Is true that an open interval $(0,1)\subseteq \mathbb{R}$ totally bounded? I think it is not true.

Since there is an homeomorphism from $(0,1)$ to $\mathbb{R}$ and $\mathbb{R}$ is not totally bounded.

Is my argument correct?

Answer 1

It is true that $(0,1)$ is totally bounded, and this is a property of the metric (or of the uniformity, if you know about those), not of the topology. So it is not necessarily preserved by homeomorphisms (but it is by isometries!), as your own example in fact shows.

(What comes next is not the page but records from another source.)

(* Let $w \in \mathfrak{S}_n$ and let $i \in \textsf{supp}(w)$ be such that the letter $i$ appears exactly once in every reduced word of $w$. Then deleting the letter $i$ from any reduced word of $w$ yields a word that is still reduced, and all words obtained in this way (from all reduced words of $w$) are reduced words of one and the same permutation $v$.
   Context: $\sigma_i$ ($1\le i\le n-1$) is the simple transposition swapping $i$ and $i+1$; products are compositions of maps. A reduced word of $w$ is a word $i_1\cdots i_\ell$ of minimal length $\ell=\ell(w)$ with $w=\sigma_{i_1}\cdots\sigma_{i_\ell}$; a word is reduced if it is a reduced word of the permutation it represents. $\textsf{supp}(w)$ is the set of letters appearing in (any) reduced word of $w$. *)

theory Defs
  imports "HOL-Combinatorics.Combinatorics"
begin

definition stransp :: "nat \<Rightarrow> nat \<Rightarrow> nat" where
  "stransp i = transpose i (Suc i)"

definition word_perm :: "nat list \<Rightarrow> nat \<Rightarrow> nat" where
  "word_perm ws = foldr (\<lambda>i p. stransp i \<circ> p) ws id"

definition is_word :: "nat \<Rightarrow> nat list \<Rightarrow> bool" where
  "is_word n ws \<longleftrightarrow> set ws \<subseteq> {1..<n}"

definition reduced_word :: "nat \<Rightarrow> (nat \<Rightarrow> nat) \<Rightarrow> nat list \<Rightarrow> bool" where
  "reduced_word n w ws \<longleftrightarrow> is_word n ws \<and> word_perm ws = w \<and>
     (\<forall>ws'. is_word n ws' \<and> word_perm ws' = w \<longrightarrow> length ws \<le> length ws')"

definition is_reduced :: "nat \<Rightarrow> nat list \<Rightarrow> bool" where
  "is_reduced n ws \<longleftrightarrow> reduced_word n (word_perm ws) ws"

definition supp :: "nat \<Rightarrow> (nat \<Rightarrow> nat) \<Rightarrow> nat set" where
  "supp n w = {i. \<exists>ws. reduced_word n w ws \<and> i \<in> set ws}"

end

theory Submission
  imports Defs
begin

text \<open>Reduced words have length equal to the number of inversions. If the letter \<open>i\<close> occurs
  exactly once in a reduced word \<open>a i b\<close>, then \<open>a\<close> and \<open>b\<close> preserve \<open>{1..i}\<close>, so
  \<open>w = U s\<^sub>i V\<close> sends exactly one \<open>p \<le> i\<close> above \<open>i\<close> and exactly one \<open>q > i\<close> to at most \<open>i\<close>;
  deleting \<open>i\<close> yields \<open>w (p q)\<close>, which depends only on \<open>w\<close>. Right multiplication by
  \<open>(p q)\<close> lowers the number of inversions by exactly one unless some \<open>k\<close> between \<open>p\<close> and \<open>q\<close>
  has \<open>w k\<close> between \<open>w q\<close> and \<open>w p\<close>. Such a \<open>k\<close> can be moved next to position \<open>i\<close>
  along descents of \<open>w\<close>, where it yields a reduced word of \<open>w\<close> with two letters \<open>i\<close>.\<close>

definition inversions :: "nat \<Rightarrow> (nat \<Rightarrow> nat) \<Rightarrow> (nat \<times> nat) set" where
  "inversions n x = {(a, b). a \<in> {1..n} \<and> b \<in> {1..n} \<and> a < b \<and> x b < x a}"

definition n_inversions :: "nat \<Rightarrow> (nat \<Rightarrow> nat) \<Rightarrow> nat" where
  "n_inversions n x = card (inversions n x)"

lemma word_perm_Nil [simp]: "word_perm [] = id"
  by (simp add: word_perm_def)

lemma word_perm_Cons [simp]: "word_perm (j # ws) = stransp j \<circ> word_perm ws"
  by (simp add: word_perm_def)

lemma word_perm_append [simp]: "word_perm (xs @ ys) = word_perm xs \<circ> word_perm ys"
  by (induction xs) (simp_all add: o_assoc)

lemma word_perm_snoc: "word_perm (ws @ [j]) = word_perm ws \<circ> stransp j"
  by simp

lemma is_word_Nil [simp]: "is_word n []"
  by (simp add: is_word_def)

lemma is_word_Cons [simp]: "is_word n (j # ws) \<longleftrightarrow> j \<in> {1..<n} \<and> is_word n ws"
  by (auto simp: is_word_def)

lemma is_word_append [simp]: "is_word n (xs @ ys) \<longleftrightarrow> is_word n xs \<and> is_word n ys"
  by (auto simp: is_word_def)

lemma stransp_apply [simp]: "stransp j j = Suc j" "stransp j (Suc j) = j"
  by (simp_all add: stransp_def)

lemma stransp_apply_other [simp]: "m \<noteq> j \<Longrightarrow> m \<noteq> Suc j \<Longrightarrow> stransp j m = m"
  by (simp add: stransp_def)

lemma comp_stransp_stransp [simp]: "x \<circ> stransp j \<circ> stransp j = x"
  by (simp add: stransp_def o_assoc [symmetric])

lemma stransp_permutes: "1 \<le> j \<Longrightarrow> j < n \<Longrightarrow> stransp j permutes {1..n}"
  unfolding stransp_def by (rule permutes_swap_id) auto

lemma permutes_comp_stransp:
  "x permutes {1..n} \<Longrightarrow> 1 \<le> j \<Longrightarrow> j < n \<Longrightarrow> x \<circ> stransp j permutes {1..n}"
  by (intro permutes_compose stransp_permutes)

lemma word_perm_permutes: "is_word n ws \<Longrightarrow> word_perm ws permutes {1..n}"
proof (induction ws)
  case Nil
  show ?case
    by (simp only: word_perm_Nil) (rule permutes_id)
next
  case (Cons j ws)
  then have "stransp j \<circ> word_perm ws permutes {1..n}"
    by (intro permutes_compose stransp_permutes) auto
  then show ?case
    by (simp only: word_perm_Cons)
qed

lemma permutes_apply_neq: "x permutes S \<Longrightarrow> a \<noteq> b \<Longrightarrow> x a \<noteq> x b"
  by (metis permutes_inj injD)

lemma finite_inversions: "finite (inversions n x)"
  by (rule finite_subset [of _ "{1..n} \<times> {1..n}"]) (auto simp: inversions_def)

lemma n_inversions_id [simp]: "n_inversions n id = 0"
proof -
  have "inversions n id = {}"
    by (auto simp: inversions_def)
  then show ?thesis
    by (simp add: n_inversions_def)
qed

lemma stransp_image_inversions_subset:
  assumes "1 \<le> j" "j < n"
  shows "(\<lambda>(a, b). (stransp j a, stransp j b)) ` (inversions n (x \<circ> stransp j) - {(j, Suc j)})
           \<subseteq> inversions n x - {(j, Suc j)}"
  using assms by (auto simp: inversions_def stransp_def transpose_def split: if_splits)

lemma card_inversions_comp_stransp:
  assumes "1 \<le> j" "j < n"
  shows "card (inversions n (x \<circ> stransp j) - {(j, Suc j)}) = card (inversions n x - {(j, Suc j)})"
proof -
  let ?f = "\<lambda>(a, b). (stransp j a, stransp j b)"
  have inj: "inj ?f"
    by (rule injI) (auto simp: stransp_def transpose_eq_iff)
  have le: "card (inversions n (y \<circ> stransp j) - {(j, Suc j)}) \<le> card (inversions n y - {(j, Suc j)})"
    for y
    using card_inj_on_le [OF inj_on_subset [OF inj subset_UNIV]
        stransp_image_inversions_subset [OF assms, of y]] finite_inversions by blast
  show ?thesis
    using le [of x] le [of "x \<circ> stransp j"] by simp
qed

lemma n_inversions_comp_stransp_descent:
  assumes "1 \<le> j" "j < n" "x (Suc j) < x j"
  shows "n_inversions n (x \<circ> stransp j) + 1 = n_inversions n x"
proof -
  have "(j, Suc j) \<in> inversions n x" "(j, Suc j) \<notin> inversions n (x \<circ> stransp j)"
    using assms by (auto simp: inversions_def stransp_def)
  moreover from this have "card (inversions n x) > 0"
    using finite_inversions card_gt_0_iff by blast
  ultimately show ?thesis
    using card_inversions_comp_stransp [OF assms(1,2), of x] finite_inversions
    by (simp add: n_inversions_def card_Diff_singleton)
qed

lemma n_inversions_comp_stransp_ascent:
  assumes "1 \<le> j" "j < n" "x j < x (Suc j)"
  shows "n_inversions n (x \<circ> stransp j) = n_inversions n x + 1"
  using n_inversions_comp_stransp_descent [OF assms(1,2), of "x \<circ> stransp j"] assms(3)
  by simp

lemma n_inversions_comp_stransp_le:
  assumes "x permutes {1..n}" "1 \<le> j" "j < n"
  shows "n_inversions n (x \<circ> stransp j) \<le> n_inversions n x + 1"
proof -
  have "x j \<noteq> x (Suc j)"
    using permutes_apply_neq [OF assms(1)] by simp
  then consider "x (Suc j) < x j" | "x j < x (Suc j)"
    by linarith
  then show ?thesis
    using n_inversions_comp_stransp_descent n_inversions_comp_stransp_ascent assms
    by cases fastforce+
qed

lemma n_inversions_word_perm_le: "is_word n ws \<Longrightarrow> n_inversions n (word_perm ws) \<le> length ws"
proof (induction ws rule: rev_induct)
  case (snoc j ws)
  then have "n_inversions n (word_perm (ws @ [j])) \<le> n_inversions n (word_perm ws) + 1"
    unfolding word_perm_snoc by (intro n_inversions_comp_stransp_le word_perm_permutes) auto
  then show ?case
    using snoc by (simp del: word_perm_append)
qed simp

lemma permutes_ascending_eq_id:
  assumes x: "x permutes {1..n}" and asc: "\<And>j. 1 \<le> j \<Longrightarrow> j < n \<Longrightarrow> x j < x (Suc j)"
  shows "x = id"
proof -
  have range: "m \<in> {1..n} \<Longrightarrow> x m \<in> {1..n}" for m
    using permutes_in_image [OF x] by auto
  have ge: "1 \<le> m \<Longrightarrow> m \<le> n \<Longrightarrow> m \<le> x m" for m
  proof (induction m)
    case (Suc m)
    then show ?case
      using range [of 1] asc [of m] by (cases "m = 0") auto
  qed simp
  have le: "d < n \<Longrightarrow> x (n - d) \<le> n - d" for d
  proof (induction d)
    case 0
    then show ?case
      using range [of n] by auto
  next
    case (Suc d)
    then have "x (n - Suc d) < x (n - d)"
      using asc [of "n - Suc d"] by (simp add: Suc_diff_Suc)
    with Suc show ?case
      by simp
  qed
  show ?thesis
  proof
    fix m
    show "x m = id m"
      using ge [of m] le [of "n - m"] permutes_not_in [OF x, of m]
      by (cases "m \<in> {1..n}") auto
  qed
qed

That $(0,1)$ is totally bounded can be seen in different ways: for $r>0$ we can cover $(0,1)$ by at most $1+\frac{1}{r}$ (I think, but at least is finite) many open intervals of length $r$ (which are also open balls in the metric). Or we can apply to a general theorem that $[0,1]$ is compact and a subset of a compact set is totally bounded as well.

The notion is not topological, and neither is completeness (same example, but now $(0,1)$ is not complete in the usual metric, but $\mathbb{R}$ is), but totally bounded plus completeness as a combined property (for metric or uniform spaces, where these notions are defined) is equivalent to compactness, which is topological (in the sense that a homeomorphic space to a compact one is also compact).